Neonowy napis „Lublin” może zawisnąć nad jezdnią al. Tysiąclecia niedaleko Zamku. Już dziś świecący na niebiesko neon ma być oficjalnie zaprezentowany na otwarciu wystawy w Centrum Spotkania Kultur. To, czy zobaczymy go wkrótce nad jezdnią, zależy już wyłącznie od zgody Zarządu Dróg i Mostów.
Zamknięty w szklanych rurkach gaz po podłączeniu do prądu zaczyna świecić. Tak działa neon, kiedyś wszędobylski w centrach polskich miast, później mocno zapomniany. Ostatnio coraz śmielej wraca do łask i zyskuje sympatyków. To oni zabrali się za organizację wystawy NEON Art, która zostanie otwarta dzisiaj (wernisaż o godz. 19) w Centrum Spotkania Kultur. Będzie tu można zobaczyć 13 neonów. Jednym z nich jest niebieski napis „Lublin”.
Właśnie ten neon miałby trafić na stałe nad jezdnię al. Tysiąclecia. Pomysłodawcy upatrzyli już sobie konstrukcję, na której chcieliby go zamocować. Drogowcy nazywają to bramownicą. To ustawiona nad drogą metalowa konstrukcja w kształcie prostokątnej bramy, do której zwykle montuje się drogowskazy. Autorzy pomysłu starają się już o zgodę na montaż świetlnej ozdoby nad jezdnią biegnącą od Młyna Krauzego w kierunku ronda koło Zamku.
– Wniosek dotyczący neonu na bramownicy nad al. Tysiąclecia wpłynął do Zarządu Dróg i Mostów 16 grudnia. Obecnie jest rozpatrywany – informuje Grzegorz Jędrek z biura prasowego w lubelskim Ratuszu.
Plany umieszczenia napisu „Lublin” nad uczęszczaną drogą mają być oficjalnie ogłoszone podczas dzisiejszego wernisażu w CSK. Ale na tym jednym neonie może się nie skończyć. Planowane jest zawieszenie jeszcze dwóch innych.

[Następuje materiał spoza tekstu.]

(*
  Z[q] is a factorial ring, so it suffices to compare multiplicities at every prime p.
  The argument rests on one structural fact about q-integers (Section 1): for each prime p
  there are d >= 1 and e such that, for all m >= 1, p occurs in [m]_q with multiplicity e
  if d divides m and 0 otherwise (for p the d-th cyclotomic polynomial, e = 1).
  Section 2 studies the floor excess n div d - k div d - (n-k) div d: it is at most 1, and
  its maximum over 0 <= k <= n is 1 exactly when d <= n and d does not divide n+1.
  Section 3 derives the q-Legendre formula: p occurs in [n]_q! with multiplicity
  e * (n div d), hence in [n choose k]_q with multiplicity e times the floor excess.
  Since the multiplicity of p in an lcm is the maximum of the multiplicities (Section 4),
  both lcm_k [n choose k]_q * [n+1]_q and lcm([1]_q, ..., [n+1]_q) have multiplicity
  (if d <= n+1 then e else 0) at p; both are normalized, hence equal (Section 5).
*)

section \<open>q-integers and their prime divisors\<close>

abbreviation X :: "int poly" where "X \<equiv> monom 1 1"

lemma monom_1_eq_X_power: "monom (1::int) i = X ^ i"
proof -
  have "X ^ i = monom (1::int) i" by (induction i) (auto simp: mult_monom)
  thus ?thesis by simp
qed

lemma qint_geometric: "qint m = (\<Sum>i<m. X ^ i)"
  unfolding qint_def by (intro sum.cong refl monom_1_eq_X_power)

lemma qint_add: "qint (a + b) = qint a + X ^ a * qint b"
  unfolding qint_geometric by (induction b) (auto simp: algebra_simps power_add)

lemma qint_0 [simp]: "qint 0 = 0"
  by (simp add: qint_def)

lemma qint_1 [simp]: "qint 1 = 1" "qint (Suc 0) = 1"
  by (simp_all add: qint_def)

lemma qint_mult: "qint (d * j) = qint d * (\<Sum>i<j. (X ^ d) ^ i)"
proof (induction j)
  case (Suc j)
  have "qint (d * Suc j) = qint (d * j) + X ^ (d * j) * qint d"
    by (metis mult_Suc_right add.commute qint_add)
  also have "\<dots> = qint d * (\<Sum>i<Suc j. (X ^ d) ^ i)"
    using Suc by (simp add: algebra_simps power_mult)
  finally show ?case .
qed simp

lemma poly_qint_0: "m \<ge> 1 \<Longrightarrow> poly (qint m) 0 = 1"
  using qint_add[of 1 "m - 1"] by (simp add: poly_monom)

lemma qint_nonzero: "m \<ge> 1 \<Longrightarrow> qint m \<noteq> 0"
  using poly_qint_0 by force

lemma lead_coeff_qint: "m \<ge> 1 \<Longrightarrow> lead_coeff (qint m) = 1"
proof (induction m rule: dec_induct)
  case (step m)
  have "qint (Suc m) = pCons 1 (qint m)"
    using qint_add[of 1 m] by (simp add: monom_Suc monom_0 one_pCons)
  then show ?case using step qint_nonzero[of m] by simp
qed simp

lemma normalize_qint: "m \<ge> 1 \<Longrightarrow> normalize (qint m) = qint m"
  using lead_coeff_qint[of m] by (simp add: normalize_poly_def pCons_one)

text \<open>A prime dividing some positive q-integer is coprime to q, since [b]_q = 1 + q [b-1]_q.\<close>
lemma prime_dvd_qint_not_dvd_X_power:
  assumes p: "prime p" and dvd: "p dvd qint b" and b: "b \<ge> 1"
  shows "\<not> p dvd X ^ a"
proof
  assume "p dvd X ^ a"
  hence "p dvd X" using p prime_dvd_power by blast
  hence "p dvd qint b - X * qint (b - 1)" using dvd by (simp add: dvd_diff)
  also have "qint b - X * qint (b - 1) = 1"
    using qint_add[of 1 "b - 1"] b by simp
  finally have "p dvd 1" .
  with p show False by simp
qed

Nieoficjalnie ustaliliśmy ich lokalizacje. Pierwszy z nich może się pojawić na jednym z wieżowców przy ul. Tumidajskiego. Miałyby tu zawisnąć świecące owoce kaliny, co ma być nawiązaniem do potocznie używanej przez mieszkańców Lublina nazwy dzielnicy Kalinowszczyzna.
Drugi miałby zabłysnąć koło al. Piłsudskiego i nawiązywać do słów używanych w Lublinie. Tu pod uwagę brany jest neon „brejdaki” przedstawiający dwóch braci (czyli brejdaków). Alternatywnym pomysłem jest neon ukazujący ludzi żonglujących literami układającymi się w lubelskie powiedzenie „o tak o”.
Organizatorem otwieranej w piątek wystawy w Centrum Spotkania Kultur jest Pracownia Sztuki Zaangażowanej „Rewiry” działająca w lubelskim Centrum Kultury oraz Towarzystwo Edukacji Kulturalnej we współpracy z CSK. Wydarzenie współfinansuje Ministerstwo Kultury i Dziedzictwa Narodowego.
Wiedzieliście o tym?
* Jednym z najnowszych neonów, które pojawiły się w Lublinie jest ten nad stołówką studencką wskrzeszoną przy ul. Langiewicza przez Uniwersytet Marii Curie-Skłodowskiej. Można tu zobaczyć duży napis „Trójka”.
* Największe zamieszanie towarzyszyło planom powieszenia neonów „Szacun na mieście” i „Szacun na dzielni” na wiadukcie kolejowym nad Drogą Męczenników Majdanka. Młodzieżowy język nie wszystkim się spodobał, ostatecznie zawisł tylko jeden napis „Szacunek na mieście”, ale autorzy wpadli na pomysł, by litery „ek” co pewien czas gasły.